We could build a development tool that handles issues two and three itself. But I think that it is important that any development tool work with collection efforts that do not use the tool. That’s why the blogosphere works so well. You don’t have to use Blogger, or any other specific individual tool, to link to and aggregate other blogs. Our distributed reporting efforts should work the same way.
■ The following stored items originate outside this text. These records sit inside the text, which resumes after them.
lemma cost_bound_real:
  fixes q g K S B Wp N :: real
  assumes q4: "q \<ge> 4" and g4: "g \<ge> 4" and K0: "K \<ge> 0" and N: "N = q * q"
    and S0: "0 \<le> S" and S1: "S \<le> q + 1" and B0: "0 \<le> B" and B1: "B \<le> q * g + 2"
    and W0: "0 \<le> Wp" and W1: "Wp \<le> 4 * g"
  shows "Wp * (K * (2 + N * S) + B * (K * (7 * N + 5))) \<le> 72 * K * N * q * g ^ 2"
proof -
  have N16: "N \<ge> 16" using q4 N mult_mono[OF q4 q4] by linarith
  have "N * 4 \<le> N * q" by (rule mult_left_mono[OF q4]) (use N16 in simp)
  then have Nq: "N * q \<ge> 4 * N" by simp
  have "N * q * 1 \<le> N * q * g" by (rule mult_left_mono) (use g4 Nq N16 in auto)
  then have Nqg: "N * q * g \<ge> N * q" by simp
  have A: "2 + N * S \<le> 2 * (N * q * g)"
  proof -
    have "N * S \<le> N * (q + 1)" using S1 N16 by (intro mult_left_mono) auto
    then have h: "N * S \<le> N * q + N" by (simp add: algebra_simps)
    show ?thesis using h Nq Nqg N16 by linarith
  qed
  have qg: "q * g \<ge> 16" using mult_mono[OF q4 g4] q4 by simp
  have Bnd: "B * (7 * N + 5) \<le> 16 * (N * q * g)"
  proof -
    have "B * (7 * N + 5) \<le> (q * g + 2) * (7 * N + 5)" using B1 N16 by (intro mult_right_mono) auto
    also have "\<dots> \<le> (2 * (q * g)) * (8 * N)" by (intro mult_mono) (use qg N16 in linarith)+
    also have "\<dots> = 16 * (N * q * g)" by (simp add: algebra_simps)
    finally show ?thesis .
  qed
  have inner: "K * (2 + N * S) + B * (K * (7 * N + 5)) \<le> 18 * K * (N * q * g)"
  proof -
    have "K * (2 + N * S) \<le> K * (2 * (N * q * g))" using A K0 by (rule mult_left_mono)
    moreover have "K * (B * (7 * N + 5)) \<le> K * (16 * (N * q * g))" using Bnd K0 by (rule mult_left_mono)
    ultimately show ?thesis by (simp add: algebra_simps)
  qed
  have inn0: "0 \<le> K * (2 + N * S) + B * (K * (7 * N + 5))" using K0 S0 B0 N16 by simp
  have "Wp * (K * (2 + N * S) + B * (K * (7 * N + 5))) \<le> (4 * g) * (18 * K * (N * q * g))"
    using W1 inner W0 inn0 g4 by (intro mult_mono) auto
  also have "\<dots> = 72 * K * N * q * g ^ 2" by (simp add: algebra_simps power2_eq_square)
  finally show ?thesis .
qed

lemma logs_ge_16:
  assumes n: "16 \<le> n"
  shows "4 \<le> sqrt (real n)" "4 \<le> log 2 (real n)" "ln (real n) \<le> log 2 (real n)"
    "real (word_size n) + 1 \<le> 4 * log 2 (real n)"
proof -
  have rn: "16 \<le> real n" using n by simp
  show "4 \<le> sqrt (real n)" by (rule real_le_rsqrt) (use rn in simp)
  have "log 2 16 \<le> log 2 (real n)" using rn by (subst log_le_cancel_iff) auto
  moreover have "log 2 (16::real) = 4"
  proof -
    have "(16::real) = 2 ^ 4" by simp
    then have "log 2 (16::real) = log 2 (2 ^ 4)" by simp
    also have "\<dots> = 4 * log 2 2" by (subst log_nat_power) auto
    finally show ?thesis by simp
  qed
  ultimately show lg4: "4 \<le> log 2 (real n)" by simp
  have ln2: "0 < ln (2::real)" "ln (2::real) < 1" using ln_2_less_1 by auto
  have lnn: "0 \<le> ln (real n)" using rn by simp
  have "ln (real n) * ln 2 \<le> ln (real n)" using ln2 lnn by (simp add: mult_left_le)
  then show "ln (real n) \<le> log 2 (real n)" unfolding log_def using ln2 by (simp add: le_divide_eq)
  have c: "real (ceillog2 (Suc n)) < log 2 (real (Suc n)) + 1" by (rule ceillog2_less_log) simp
  have "log 2 (real (Suc n)) \<le> log 2 (2 * real n)" using rn by (subst log_le_cancel_iff) auto
  also have "\<dots> = 1 + log 2 (real n)" using rn by (simp add: log_mult)
  finally have "real (ceillog2 (Suc n)) < log 2 (real n) + 2" using c by simp
  then show "real (word_size n) + 1 \<le> 4 * log 2 (real n)" unfolding word_size_def using lg4 by simp
qed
So, who’s interested in helping me refine this idea, and build these tools? The development of blogging tools showed us the power that could be unleashed when we liberated online narrative publishing from the HTML coders and opened it to everyone. Let’s do the same with distributed data reporting. E-mail me at rniles@usc.edu, and let’s get started.

Online story idea: Check the advertisers, too

Today’s post is for our self-appointed media watchdogs around the blogosphere. Don’t forget you can check out a publication’s advertisers, too.

After years of cajoling, my wife’s convinced me to get my wretched, non-functioning nose fixed. (Stay with me, I’m not changing the topic. Really.) But before I picked a surgeon, I did some online research to confirm that he was board-certified.

Here’s the story idea: Your readers might be surprised to discover the number of plastic surgeons advertising on billboards and in newspapers and magazines in your town who are not board-certified in their field. Why not grab the local paper and look up the status of the physicians advertising there?

Check those names against the list of diplomates of the American Board of Plastic Surgery, which you can find on the American Board of Medical Specialties website at http://www.abms.org/login.asp, or the American Board of Facial Plastic and Reconstructive Surgery, at http://www.abfprs.org/certified/index.cfm. (A physician need not belong to both to be board-certified. One’s good enough.) A couple minutes on these sites revealed that a very prominent local physician in my hometown of Pasadena, Calif., one who’s had billboards up all over town, is not board-certified. Funny how that detail isn’t mentioned in any of his ads.

(And if you’re looking for a graphic take on why patients should choose a board-certified surgeon, allow me to recommend “Skin Tight,” by the Miami Herald’s Carl Hiaasen.)

Take it up a level and check out the physicians’ state medical license status, too. You can look those up at http://www.docboard.org/docfinder.html. Are there any advertisers who’ve been in trouble with the state medical board before?

The same concept works with other types of physicians and state-licensed professionals, too, including dentists and attorneys. If you try this story on your blog or website, let me know and I’ll link back to it. Good luck!